(Collected data)
────────────────────────────────────────

(* For every $n\geqslant 2$, the monoid $\mathcal{AO}_n$ has rank $n$, i.e. the minimum size of a generating set of $\mathcal{AO}_n$ (as a monoid) is $n$.
   Context: Let $\Omega_n=\{1<2<\cdots<n\}$ and $\mathcal{I}_n$ the monoid of all partial injective maps of $\Omega_n$. $\mathcal{AI}_n$ is the set of all $\alpha\in\mathcal{I}_n$ with $\alpha=\sigma|_{\mathrm{Dom}(\alpha)}$ for some even permutation $\sigma$ of $\Omega_n$; $\mathcal{POI}_n$ is the set of order-preserving elements of $\mathcal{I}_n$ and $\mathcal{AO}_n=\mathcal{AI}_n\cap\mathcal{POI}_n$. *)

theory Defs
  imports "HOL-Combinatorics.Permutations"
begin

definition Omega :: "nat \<Rightarrow> nat set" where
  "Omega n = {1..n}"

definition I_mon :: "nat \<Rightarrow> (nat \<rightharpoonup> nat) set" where
  "I_mon n = {\<alpha>. dom \<alpha> \<subseteq> Omega n \<and> ran \<alpha> \<subseteq> Omega n \<and> inj_on \<alpha> (dom \<alpha>)}"

definition AI :: "nat \<Rightarrow> (nat \<rightharpoonup> nat) set" where
  "AI n = {\<alpha> \<in> I_mon n. \<exists>\<sigma>. \<sigma> permutes Omega n \<and> evenperm \<sigma> \<and>
                                (\<forall>x \<in> dom \<alpha>. \<alpha> x = Some (\<sigma> x))}"

definition POI :: "nat \<Rightarrow> (nat \<rightharpoonup> nat) set" where
  "POI n = {\<alpha> \<in> I_mon n. \<forall>x \<in> dom \<alpha>. \<forall>y \<in> dom \<alpha>. x \<le> y \<longrightarrow> the (\<alpha> x) \<le> the (\<alpha> y)}"

definition AO :: "nat \<Rightarrow> (nat \<rightharpoonup> nat) set" where
  "AO n = AI n \<inter> POI n"

definition id_n :: "nat \<Rightarrow> (nat \<rightharpoonup> nat)" where
  "id_n n = (\<lambda>x. if x \<in> Omega n then Some x else None)"

inductive_set gen_monoid :: "nat \<Rightarrow> (nat \<rightharpoonup> nat) set \<Rightarrow> (nat \<rightharpoonup> nat) set"
  for n :: nat and A :: "(nat \<rightharpoonup> nat) set" where
  gen_id: "id_n n \<in> gen_monoid n A"
| gen_base: "a \<in> A \<Longrightarrow> a \<in> gen_monoid n A"
| gen_comp: "a \<in> gen_monoid n A \<Longrightarrow> b \<in> gen_monoid n A \<Longrightarrow> (b \<circ>\<^sub>m a) \<in> gen_monoid n A"

definition monoid_rank :: "nat \<Rightarrow> (nat \<rightharpoonup> nat) set \<Rightarrow> nat" where
  "monoid_rank n M = (LEAST k. \<exists>A. A \<subseteq> M \<and> finite A \<and> card A = k \<and> gen_monoid n A = M)"

end

theory Submission
  imports Defs
begin

(* Lower bound: the domain of a product is contained in the domain of each factor, and an
   order-preserving partial injection defined on all of Omega_n is the identity.  Hence the
   partial identity on Omega_n - {i}, which lies in AO_n, forces a generator with domain exactly
   Omega_n - {i}, for every i.

   Upper bound: the elements of AO_n of rank n - 1 are the order-preserving bijections
   Omega_n - {i} -> Omega_n - {j} with i + j even, because such a map extends to a permutation
   only as the cycle (i i+1 ... j) or its inverse, of sign (-1)^(i+j).  The n maps with
   j = i + 2, wrapping around inside each parity class, generate all of them, hence all partial
   identities.  Every order-preserving partial injection of rank at most n - 2 is reached from a
   partial identity of an initial segment by moving gaps of its domain and range downwards with
   rank n - 1 elements, which strictly decreases the sum of the domain or of the range. *)

lemma strict_mono_on_eq_if_image_eq:
  fixes f g :: "'a::wellorder \<Rightarrow> 'b::linorder"
  assumes f: "strict_mono_on D f" and g: "strict_mono_on D g" and img: "f ` D = g ` D"
    and "x \<in> D"
  shows "f x = g x"
  using \<open>x \<in> D\<close>
proof (induction x rule: less_induct)
  case (less x)
  have le: "f x \<le> g x"
    if f: "strict_mono_on D f" and g: "strict_mono_on D g" and img: "f ` D = g ` D"
      and agree: "\<forall>y\<in>D. y < x \<longrightarrow> f y = g y" for f g :: "'a \<Rightarrow> 'b"
  proof (rule ccontr)
    assume "\<not> f x \<le> g x"
    then have less_fx: "g x < f x" by simp
    have "g x \<in> f ` D" using img less.prems by blast
    then obtain y where y: "y \<in> D" "f y = g x" by (metis imageE)
    have "y < x"
    proof (rule ccontr)
      assume "\<not> y < x"
      then have "x \<le> y" by simp
      then have "f x \<le> f y"
        using f y(1) less.prems by (cases "x = y") (auto dest: strict_mono_onD)
      then show False using less_fx y(2) by simp
    qed
    then have "g y < g x" using g y(1) less.prems by (simp add: strict_mono_onD)
    moreover have "g y = g x" using agree y \<open>y < x\<close> by simp
    ultimately show False by simp
  qed
  have "\<forall>y\<in>D. y < x \<longrightarrow> f y = g y" using less.IH by blast
  then have "f x \<le> g x" "g x \<le> f x"
    using le[OF f g img] le[OF g f img[symmetric]] by auto
  then show ?case by (rule antisym)
qed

────────────────────────────────────────

● Task goal
From the data above, show each line that contains "ccontr".

● Exercise result
  proof (rule ccontr)
    proof (rule ccontr)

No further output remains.